Friday, August 26, 2022

Interesting Literary Factoids For Writers & Readers


 

I had been meaning to get to a book that I bought at least six months ago -- Mental Floss The Curious Reader: A Literary Miscellany of Novels & Novelists. I’m so glad I pulled this one off of my at-capacity bookshelf. It has so many yummy, chewable nuggets of factoids that feel like Snapple Facts times 100. 
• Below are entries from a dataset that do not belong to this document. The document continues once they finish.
definition tau2 :: "'w measure \<Rightarrow> ('w \<Rightarrow> int) \<Rightarrow> ('w \<Rightarrow> int) \<Rightarrow> ('w \<Rightarrow> bool) \<Rightarrow> ('w \<Rightarrow> real^'m)
     \<Rightarrow> real^'m^'m \<Rightarrow> (int \<times> int \<Rightarrow> real) \<Rightarrow> int \<Rightarrow> int \<Rightarrow> real" where
  "tau2 M A1 A2 R Y V \<beta> a1 a2 =
     (let J = Jmat M A1 A2 R V;
          A = Amat M A1 A2 R Y V (\<lambda>e. \<beta> (enc (fst e), enc (snd e)))
      in (matrix_inv J ** A ** matrix_inv J) $ dtr_of a1 a2 $ dtr_of a1 a2)"

definition covmat :: "'w measure \<Rightarrow> ('w \<Rightarrow> real^'m) \<Rightarrow> real^'m^'m" where
  "covmat M X = (\<chi> j k. integral\<^sup>L M (\<lambda>\<omega>.
      (X \<omega> $ j - integral\<^sup>L M (\<lambda>\<eta>. X \<eta> $ j)) * (X \<omega> $ k - integral\<^sup>L M (\<lambda>\<eta>. X \<eta> $ k))))"

definition cond_moment :: "'w measure \<Rightarrow> ('w \<Rightarrow> real^'m) \<Rightarrow> real \<Rightarrow> 'w set \<Rightarrow> real^'m^'m" where
  "cond_moment M X b E = (\<chi> j k.
      integral\<^sup>L M (\<lambda>\<omega>. indicator E \<omega> * ((X \<omega> $ j - b) * (X \<omega> $ k - b))) / measure M E)"

end

theory Submission
  imports Defs
begin

text \<open>
  With an exchangeable working covariance \<open>V = s\<^sup>2 Exch(r)\<close>, the vector \<open>1\<^sub>m\<close> is an
  eigenvector of \<open>V\<close> with eigenvalue \<open>c = s\<^sup>2 (1 + (m - 1) r)\<close>, so \<open>1\<^sub>m\<^sup>T V\<^sup>-\<^sup>1 = 1\<^sub>m\<^sup>T / c\<close>.
  Hence \<open>J = (m / c) I\<close> and the \<open>(a\<^sub>1,a\<^sub>2)\<close> component of \<open>U\<^sub>i\<close> is \<open>I\<^sub>i W\<^sub>i T\<^sub>i / c\<close>, where
  \<open>T\<^sub>i\<close> is the sum over the cluster of the deviations of the potential outcomes under
  \<open>(a\<^sub>1,a\<^sub>2)\<close> from \<open>\<beta>\<close>; so \<open>\<tau>\<^sup>2 = E[I W\<^sup>2 T\<^sup>2] / m\<^sup>2\<close>.  Since the randomisation is
  independent of the potential outcomes, averaging \<open>I W\<^sup>2\<close> over the four equally
  likely assignments gives \<open>E[I W\<^sup>2 T\<^sup>2] = 2 E[T\<^sup>2] + 2 E[1{R = 0} T\<^sup>2]\<close>.  Testing the Loewner
  bound (b) on \<open>1\<^sub>m\<close> yields \<open>E[1{R = 0} T\<^sup>2] \<le> (1 - p) E[T\<^sup>2]\<close>, and by (c)
  \<open>E[T\<^sup>2] = 1\<^sub>m\<^sup>T Cov 1\<^sub>m = m \<sigma>\<^sup>2 (1 + (m - 1) \<rho>)\<close>.  The sample-size bound is then arithmetic.
\<close>

subsection \<open>Exchangeable matrices and the all-ones vector\<close>

lemma exch_row_sum:
  "(\<Sum>k\<in>UNIV. (exch r :: real^'m^'m) $ j $ k) = 1 + (real CARD('m) - 1) * r"
proof -
  have "(\<Sum>k\<in>UNIV. (exch r :: real^'m^'m) $ j $ k) = (\<Sum>k\<in>UNIV. r + (if j = k then 1 - r else 0))"
    by (rule sum.cong) (auto simp: exch_def)
  also have "\<dots> = real CARD('m) * r + (1 - r)"
    by (simp add: sum.distrib)
  finally show ?thesis
    by (simp add: algebra_simps)
qed

lemma sum_exch_entries:
  "(\<Sum>j\<in>UNIV. \<Sum>k\<in>UNIV. (exch r :: real^'m^'m) $ j $ k) = real CARD('m) * (1 + (real CARD('m) - 1) * r)"
  by (simp add: exch_row_sum)

lemma scaleR_exch_mult_onesv:
  "(c *\<^sub>R exch r :: real^'m^'m) *v onesv = (c * (1 + (real CARD('m) - 1) * r)) *\<^sub>R onesv"
  by (simp add: vec_eq_iff matrix_vector_mult_def onesv_def sum_distrib_left[symmetric] exch_row_sum)

lemma transpose_scaleR_exch: "transpose (c *\<^sub>R exch r :: real^'m^'m) = c *\<^sub>R exch r"
  by (simp add: vec_eq_iff transpose_def exch_def)

lemma inner_onesv: "onesv \<bullet> x = (\<Sum>j\<in>UNIV. (x :: real^'m) $ j)"
  by (simp add: inner_vec_def onesv_def)

lemma inner_onesv_mult_onesv: "onesv \<bullet> (A *v onesv) = (\<Sum>j\<in>UNIV. \<Sum>k\<in>UNIV. (A :: real^'m^'m) $ j $ k)"
  by (simp add: inner_vec_def onesv_def matrix_vector_mult_def)

lemma onesv_nonzero: "(onesv :: real^'m) \<noteq> 0"
  by (simp add: onesv_def vec_eq_iff)

lemma invertible_matrix_inv:
  fixes A :: "'a::field^'n^'n"
  assumes "invertible A"
  shows "A ** matrix_inv A = mat 1" "matrix_inv A ** A = mat 1"
  using someI_ex[OF assms[unfolded invertible_def]] unfolding matrix_inv_def by blast+

lemma matrix_inv_eqI:
  fixes A B :: "'a::field^'n^'n"
  assumes AB: "A ** B = mat 1"
  shows "matrix_inv A = B"
proof -
  have "invertible A"
    using AB matrix_left_right_inverse unfolding invertible_def by blast
  have "matrix_inv A = matrix_inv A ** (A ** B)"
    by (simp add: AB)
  also have "\<dots> = B"
    by (metis matrix_mul_assoc matrix_mul_lid invertible_matrix_inv(2) \<open>invertible A\<close>)
  finally show ?thesis .
qed

lemma matrix_inv_scalar_mat:
  assumes "c \<noteq> 0"
  shows "matrix_inv (c *\<^sub>R mat 1 :: real^'n^'n) = (1 / c) *\<^sub>R mat 1"
  using assms by (intro matrix_inv_eqI) (simp add: matrix_scalar_ac scalar_matrix_assoc[symmetric])

lemma scalar_mat_sandwich_diag:
  "((k *\<^sub>R mat 1) ** A ** (k *\<^sub>R mat 1)) $ e $ e = k\<^sup>2 * (A :: real^'n^'n) $ e $ e"
  by (simp add: matrix_scalar_ac scalar_matrix_assoc[symmetric] power2_eq_square)

lemma pos_def_invertible:
  fixes V :: "real^'m^'m"
  assumes pd: "pos_def V"
  shows "invertible V"
proof -
  have "inj ((*v) V)"
  proof (rule injI)
    fix x y
    assume "V *v x = V *v y"
    hence "(x - y) \<bullet> (V *v (x - y)) = 0"
      by (simp add: matrix_vector_mult_diff_distrib)
    thus "x = y"
      using pd unfolding pos_def_def by (metis eq_iff_diff_eq_0 less_irrefl)
  qed
  thus ?thesis
    using matrix_left_invertible_injective invertible_left_inverse by blast
qed

lemma sum_matrix_inv_mult_eigen_onesv:
  fixes V :: "real^'m^'m"
  assumes inv: "invertible V" and sym: "transpose V = V"
    and eig: "V *v onesv = c *\<^sub>R onesv" and c: "c \<noteq> 0"
  shows "(\<Sum>j\<in>UNIV. (matrix_inv V *v x) $ j) = (\<Sum>j\<in>UNIV. x $ j) / c"
proof -
  have "c * (onesv \<bullet> (matrix_inv V *v x)) = (V *v onesv) \<bullet> (matrix_inv V *v x)"
    by (simp add: eig)
  also have "\<dots> = onesv \<bullet> (V *v (matrix_inv V *v x))"
    by (metis dot_lmul_matrix sym transpose_matrix_vector inner_commute)
  also have "\<dots> = onesv \<bullet> x"
    by (simp add: matrix_vector_mul_assoc invertible_matrix_inv(1)[OF inv])
  finally show ?thesis
    using c by (simp add: inner_onesv field_simps)
qed

lemma exch_working_covariance:
  fixes V :: "real^'m^'m"
  assumes V: "V = s\<^sup>2 *\<^sub>R exch r" and pd: "pos_def V"
  defines "c \<equiv> s\<^sup>2 * (1 + (real CARD('m) - 1) * r)"
  shows "0 < c"
    and "(\<Sum>j\<in>UNIV. (matrix_inv V *v x) $ j) = (\<Sum>j\<in>UNIV. x $ j) / c"
    and "(\<Sum>j\<in>UNIV. \<Sum>k\<in>UNIV. matrix_inv V $ j $ k) = real CARD('m) / c"
proof -
  have eig: "V *v onesv = c *\<^sub>R onesv"
    unfolding V c_def by (rule scaleR_exch_mult_onesv)
  have "0 < onesv \<bullet> (V *v onesv)"
    using pd onesv_nonzero unfolding pos_def_def by blast
  also have "onesv \<bullet> (V *v onesv) = c * real CARD('m)"
    unfolding eig by (simp add: inner_vec_def onesv_def)
  finally show c: "0 < c"
    by (simp add: zero_less_mult_iff)
  have sum_inv: "(\<Sum>j\<in>UNIV. (matrix_inv V *v x) $ j) = (\<Sum>j\<in>UNIV. x $ j) / c" for x
    using c by (intro sum_matrix_inv_mult_eigen_onesv pos_def_invertible[OF pd] eig)
      (simp_all add: V transpose_scaleR_exch)
  thus "(\<Sum>j\<in>UNIV. (matrix_inv V *v x) $ j) = (\<Sum>j\<in>UNIV. x $ j) / c" .
  show "(\<Sum>j\<in>UNIV. \<Sum>k\<in>UNIV. matrix_inv V $ j $ k) = real CARD('m) / c"
    using sum_inv[of onesv] by (simp add: matrix_vector_mult_def onesv_def)
qed

subsection \<open>The estimating equation of the cell-mean model\<close>

lemma Ufun_component:
  "Ufun A1 A2 R Y V \<beta> \<omega> $ d
     = Ind A1 A2 R d \<omega> * Wt R \<omega> * (\<Sum>j\<in>UNIV. (matrix_inv V *v (Y \<omega> - \<beta> d *\<^sub>R onesv)) $ j)"
proof -
  have Dmat_col: "(v v* (Dmat e :: real^(bool \<times> bool)^'m)) $ d = (if e = d then (\<Sum>j\<in>UNIV. v $ j) else 0)"
    for e v
    by (auto simp: vector_matrix_mult_def Dmat_def)
  show ?thesis
    unfolding Ufun_def sum_component by (simp add: Dmat_col if_distrib[of "\<lambda>x. _ * x"] cong: if_cong)
qed

lemma Dmat_sandwich_component:
  "(transpose (Dmat e :: real^(bool \<times> bool)^'m) ** W ** Dmat e) $ d $ d'
     = (if d = e \<and> d' = e then (\<Sum>j\<in>UNIV. \<Sum>k\<in>UNIV. W $ j $ k) else 0)"
  by (auto simp: matrix_matrix_mult_def transpose_def Dmat_def sum_distrib_right[symmetric]
      intro: sum.swap)

lemma Jmat_component:
  "Jmat M A1 A2 R V $ d $ d'
     = (if d = d' then (\<integral>\<omega>. Ind A1 A2 R d \<omega> * Wt R \<omega> \<partial>M) * (\<Sum>j\<in>UNIV. \<Sum>k\<in>UNIV. matrix_inv V $ j $ k)
        else 0)"
proof -
  have "(\<Sum>e\<in>UNIV. f e * (if d = e \<and> d' = e then c else 0)) = (if d = d' then f d * c else (0::real))"
    for f :: "bool \<times> bool \<Rightarrow> real" and c
    by (cases "d = d'") (auto simp: if_distrib[of "\<lambda>x. _ * x"] intro: sum.neutral cong: if_cong)
  thus ?thesis
    unfolding Jmat_def by (simp add: Dmat_sandwich_component)
qed

lemma enc_dtr_of:
  "a1 \<in> {1, -1} \<Longrightarrow> enc (fst (dtr_of a1 a2)) = a1"
  "a2 \<in> {1, -1} \<Longrightarrow> enc (snd (dtr_of a1 a2)) = a2"
  by (auto simp: enc_def dtr_of_def)

lemma dtr_of_enc: "dtr_of (enc b1) (enc b2) = (b1, b2)"
  by (simp add: enc_def dtr_of_def)

lemma enc_range: "enc b \<in> {1, -1}"
  by (simp add: enc_def)

lemma integral_indicator_mult_indep:
  fixes X :: "'w \<Rightarrow> 'x" and g :: "'x \<Rightarrow> real"
  assumes P: "prob_space M" and X: "X \<in> measurable M S" and E: "E \<in> sets M"
    and indep: "\<forall>B\<in>sets S. measure M {\<omega>\<in>space M. \<omega> \<in> E \<and> X \<omega> \<in> B}
                          = measure M E * measure M {\<omega>\<in>space M. X \<omega> \<in> B}"
    and g: "g \<in> borel_measurable S"
  shows "(\<integral>\<omega>. indicator E \<omega> * g (X \<omega>) \<partial>M) = measure M E * (\<integral>\<omega>. g (X \<omega>) \<partial>M)"
proof -
  interpret prob_space M by (rule P)
  define c where "c = measure M E"
  have c0: "c \<ge> 0"
    unfolding c_def by simp
  define N1 where "N1 = distr (density M (\<lambda>x. ennreal (indicator E x))) S X"
  define N2 where "N2 = density (distr M S X) (\<lambda>_. ennreal c)"
  have "N1 = N2"
  proof (rule measure_eqI)
    show "sets N1 = sets N2"
      unfolding N1_def N2_def by simp
    fix B
    assume "B \<in> sets N1"
    hence B: "B \<in> sets S"
      unfolding N1_def by simp
    have XB: "X -` B \<inter> space M \<in> sets M"
      using X B by (rule measurable_sets)
    have "emeasure N1 B = emeasure (density M (indicator E)) (X -` B \<inter> space M)"
      unfolding N1_def using X B by (simp add: emeasure_distr ennreal_indicator)
    also have "\<dots> = emeasure M (E \<inter> (X -` B \<inter> space M))"
      by (rule emeasure_restricted[OF E XB])
    also have "\<dots> = ennreal (measure M {\<omega>\<in>space M. \<omega> \<in> E \<and> X \<omega> \<in> B})"
      by (simp add: emeasure_eq_measure) (rule arg_cong[where f="\<lambda>A. measure M A"], auto)
    also have "\<dots> = ennreal (c * measure M (X -` B \<inter> space M))"
      using indep B unfolding c_def by (simp add: vimage_def Int_def conj_commute)
    also have "\<dots> = ennreal c * emeasure (distr M S X) B"
      using X B c0 by (simp add: emeasure_distr emeasure_eq_measure ennreal_mult)
    also have "\<dots> = emeasure N2 B"
      unfolding N2_def using B by (simp add: emeasure_density_const)
    finally show "emeasure N1 B = emeasure N2 B" .
  qed
  have "(\<integral>\<omega>. indicator E \<omega> * g (X \<omega>) \<partial>M) = (\<integral>\<omega>. g (X \<omega>) \<partial>density M (\<lambda>x. ennreal (indicator E x)))"
    using E X g by (subst integral_density) (auto intro: measurable_compose)
  also have "\<dots> = integral\<^sup>L N1 g"
    unfolding N1_def using X g by (subst integral_distr) auto
  also have "\<dots> = (\<integral>z. c * g z \<partial>distr M S X)"
    unfolding \<open>N1 = N2\<close> N2_def using X g c0 by (subst integral_density) auto
  also have "\<dots> = c * (\<integral>\<omega>. g (X \<omega>) \<partial>M)"
    using X g by (subst integral_distr) auto
  finally show ?thesis
    unfolding c_def .
qed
In case you don’t have time to read it, let me share with you some of the things that I found of interest: 

  • Did you know George Orwell died just seven months after 1984 was published? He died January 21, 1949 from tuberculosis.  
  • Fyodor Dostoyovsky, most famous for penning Crime & Punishment, had epilepsy. He and other writers were arrested for suspected revolutionary activity. He was sentenced to death but ended up serving five years in a Siberion prison camp and then six years in exile.  
  • Mary Shelly wrote what is widely considered the first science-fiction novel, Frankenstein. She wrote it as a teenager while married to a famous poet, Percy Shelley. It was published in 1818 when she was all of 20.  
  • Lolita, a controversial book about inappropriate lust and statutory rape, almost didn’t get published. One editor at a publisher rejected it, saying: “I recommend that it be buried under a stone for a thousand years.” 
  • Famous writer Virginia Woolf wrote in her journal negatively of contemporary author James Joyce, calling Ulysses “An illiterate, underbred book. It seems to be the book of a self-taught working man, and we all know how distressing they are, how egotistic, insistent, raw, striking, and ultimately nauseating.” 
  • There were famous author feuds – Gore Vidal vs. Norman Mailer, Joseph Conrad vs. DH Lawrence, Henry James vs. H.G Wells, and Ernest Hemingway vs. Gertrude Stein. 
  • Agatha Christine’s mom didn’t want her to read until she was eight. She was concerned about her eyes and brain development, But the famous author of Murder On The Orient Express taught herself to read by age four on the sly. She had little formal education until the age 15.  
  • Kurt Vonnegut met his future wife in kindergarten.  
  • Kurt Vonnegut said: “No one works well eight hours a day. No one ought to work more than four hours.” 
  • D.H Lawrence said: “I can never decide whether my dreams are the result of my thoughts, or my thoughts are the result of my dreams.” 
  • Arthur Conan Doyle’s character Sherlock Holmes, holds the Guinness Book of World Record for “the most portrayed human literary character” in television and film, with more than 254 depictions.” 
  • F. Scott Fitzgerald said: “The test of a first-rate intelligence is the ability to hold two opposed ideas in the mind at the same time, and still retain the ability to function. One should, for example, be able to see that things are hopeless and yet be determined to make them otherwise.” 
  • Ernest Hemingway, who almost died in two consecutive plane crashes, once said: “Happiness in intelligent people is the rarest thing I know.” 
  • Some famous books were originally self-published, including A Christmas Carol, The Martian, Celestine Prophecy, Fifty Shades Of Gray, and Maggie: A Girl of the Streets. 
  • Virginia Woolf said: “Nothing has really happened until it has been described.” 
  • Abibliophobia describes those who are afflicted with a fear of running out of things to read. But one who is a bibliobibuli is one who reads too much and is constantly drunk on books.  
  • Stephen King pulled one of his books from circulation. Writing under another name Richard Bachman, he penned Rage, about a high school teen who kills his teacher and takes the algebra class hostage By 1997, at least three kids had brought weapons to school and killed or injured classmates and said they read his book.  
  • Encyclopedia Britannica last published a printed set of encyclopedias in 2012. The 129-pound books that cost $1,395 only sold 8,000 sets that year. In 1990, they sold 120,000 sets.  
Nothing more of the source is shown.